1. **First Quartile (Q1)**: Also known as the lower quartile, it represents the 25th percentile of the data. This means that 25% of the data points are below Q1, and 75% are above it.

2. **Second Quartile (Q2)**: Also known as the median, it represents the 50th percentile of the data. This is the middle value of the dataset, where 50% of the data points are below Q2, and 50% are above it.

3. **Third Quartile (Q3)**: Also known as the upper quartile, it represents the 75th percentile of the data. This means that 75% of the data points are below Q3, and 25% are above it.

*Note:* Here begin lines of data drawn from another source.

theorem mainTheorem6:
  fixes Lam :: "'a::metric_space measure"
    and T :: "real set"
    and P :: "real \<Rightarrow> 'a \<Rightarrow> 'a measure"
    and qsd :: "'a measure"
    and f :: "'a \<Rightarrow> real"
    and psi :: "'a \<Rightarrow> real"
    and t0 a c0' :: real
    and Pt :: "'a \<Rightarrow> 'a measure"
    and nu' :: "'a measure"
  assumes Lam_sets: "sets Lam = sets borel"
    and Lam_sigma: "sigma_finite_measure Lam"
    and Lam_support: "\<And>U. open U \<Longrightarrow> U \<noteq> {} \<Longrightarrow> emeasure Lam U > 0"
    and T_time: "T = \<nat> \<or> T = {0..}"
    and P_kernel: "\<And>t. t \<in> T \<Longrightarrow> submarkov_kernel (P t)"
    and P_semigroup: "\<And>s t x A. s \<in> T \<Longrightarrow> t \<in> T \<Longrightarrow> A \<in> sets borel \<Longrightarrow>
        emeasure (P (s + t) x) A = (\<integral>\<^sup>+y. emeasure (P t y) A \<partial>P s x)"
    and pi_prob: "prob_space qsd"
    and f_meas: "f \<in> borel_measurable borel"
    and f_nonneg: "\<And>x. f x \<ge> 0"
    and pi_dens: "qsd = density Lam (\<lambda>x. ennreal (f x))"
    and f_Linf: "esssup Lam (\<lambda>x. ereal (f x)) < \<infinity>"
    and QSD: "\<And>t. t \<in> T \<Longrightarrow>
        (\<integral>\<^sup>+x. emeasure (P t x) UNIV \<partial>qsd) > 0 \<and>
        (\<forall>A\<in>sets borel. (\<integral>\<^sup>+x. emeasure (P t x) A \<partial>qsd)
                          = (\<integral>\<^sup>+x. emeasure (P t x) UNIV \<partial>qsd) * emeasure qsd A)"
    and psi_meas: "psi \<in> borel_measurable borel"
    and psi_bdd: "\<exists>M. \<forall>x. \<bar>psi x\<bar> \<le> M"
    and psi_inf: "\<exists>c>0. \<forall>x. psi x \<ge> c"
    and t0_pos: "t0 > 0" and t0_T: "t0 \<in> T"
    and a_pos: "a > 0"
    and Pt_kernel: "submarkov_kernel Pt"
    and adjoint: "\<forall>C\<in>sets (borel \<Otimes>\<^sub>M borel).
        (\<integral>\<^sup>+x. ennreal (psi x) * (\<integral>\<^sup>+y. indicator C (x,y) \<partial>P t0 x) \<partial>Lam)
      = (\<integral>\<^sup>+y. ennreal (a * psi y) * (\<integral>\<^sup>+x. indicator C (x,y) \<partial>Pt y) \<partial>Lam)"
    and Pt_pos: "AE y in Lam. emeasure (Pt y) UNIV > 0"
    and c0'_pos: "c0' > 0"
    and nu'_prob: "prob_space nu'"
    and nu'_sets: "sets nu' = sets borel"
    and nu'_not_sing: "\<not> mutually_singular nu' qsd"
    and minor: "AE y in Lam. \<forall>A\<in>sets borel.
        measure (Pt y) A / measure (Pt y) UNIV \<ge> c0' * measure nu' A"
  shows "absolutely_continuous Lam nu'
       \<and> (\<integral>x. f x \<partial>nu') > 0
       \<and> (let nf = (\<integral>x. f x \<partial>nu');
              c0 = c0' * nf /
                   ((SUP x. \<bar>psi x\<bar>) * (SUP x. \<bar>1 / psi x\<bar>)
                    * real_of_ereal (esssup Lam (\<lambda>x. ereal (f x))));
              nu = density nu' (\<lambda>x. ennreal (f x / nf))
          in 0 < c0 \<and> c0 \<le> 1 \<and> prob_space nu \<and>
             reverse_dobrushin (P t0) qsd c0 nu)"
proof -
  have "emeasure Lam (space Lam) \<noteq> 0"
    using Lam_support[of UNIV] sets_eq_imp_space_eq[OF Lam_sets] by simp
  moreover have "\<And>A. A \<in> sets borel \<Longrightarrow> (\<integral>\<^sup>+x. emeasure (P t0 x) A \<partial>density Lam f)
      = (\<integral>\<^sup>+x. emeasure (P t0 x) UNIV \<partial>density Lam f) * emeasure (density Lam f) A"
    using QSD[OF t0_T] unfolding pi_dens by blast
  ultimately interpret adjoint_dobrushin Lam "P t0" Pt f psi a c0' nu'
    using Lam_sets Lam_sigma P_kernel[OF t0_T] f_meas f_nonneg pi_prob[unfolded pi_dens] f_Linf
      psi_meas psi_bdd psi_inf a_pos Pt_kernel adjoint Pt_pos c0'_pos nu'_prob nu'_sets
      nu'_not_sing[unfolded pi_dens] minor
    by (intro adjoint_dobrushin.intro)
  show ?thesis
    using absolutely_continuous_nu' nu'_f_pos c0_pos c0_le_1 prob_space_nu reverse_dobrushin
    unfolding Let_def c0_def nu_def nu'_f_def psi_sup_def inv_psi_sup_def f_sup_def pi_dens
    by simp
qed

end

### Interquartile Range (IQR)

The **Interquartile Range (IQR)** is a measure of dispersion that represents the range of the middle 50% of the data. It is calculated as:
\[
\text{IQR} = Q3 - Q1
\]

The IQR is useful for identifying outliers, as data points that fall below \( Q1 - 1.5 \times \text{IQR} \) or above \( Q3 + 1.5 \times \text{IQR} \) are often considered outliers.

### Example

For the dataset in the variable `df`, the quartiles can be calculated for numerical columns like `price_usd` or `odometer_value`. For instance:

- **Q1**: The value below which 25% of the car prices fall.
- **Q2 (Median)**: The middle value of the car prices.
- **Q3**: The value below which 75% of the car prices fall.

These quartiles provide a deeper understanding of the distribution of car prices or other numerical features in the dataset.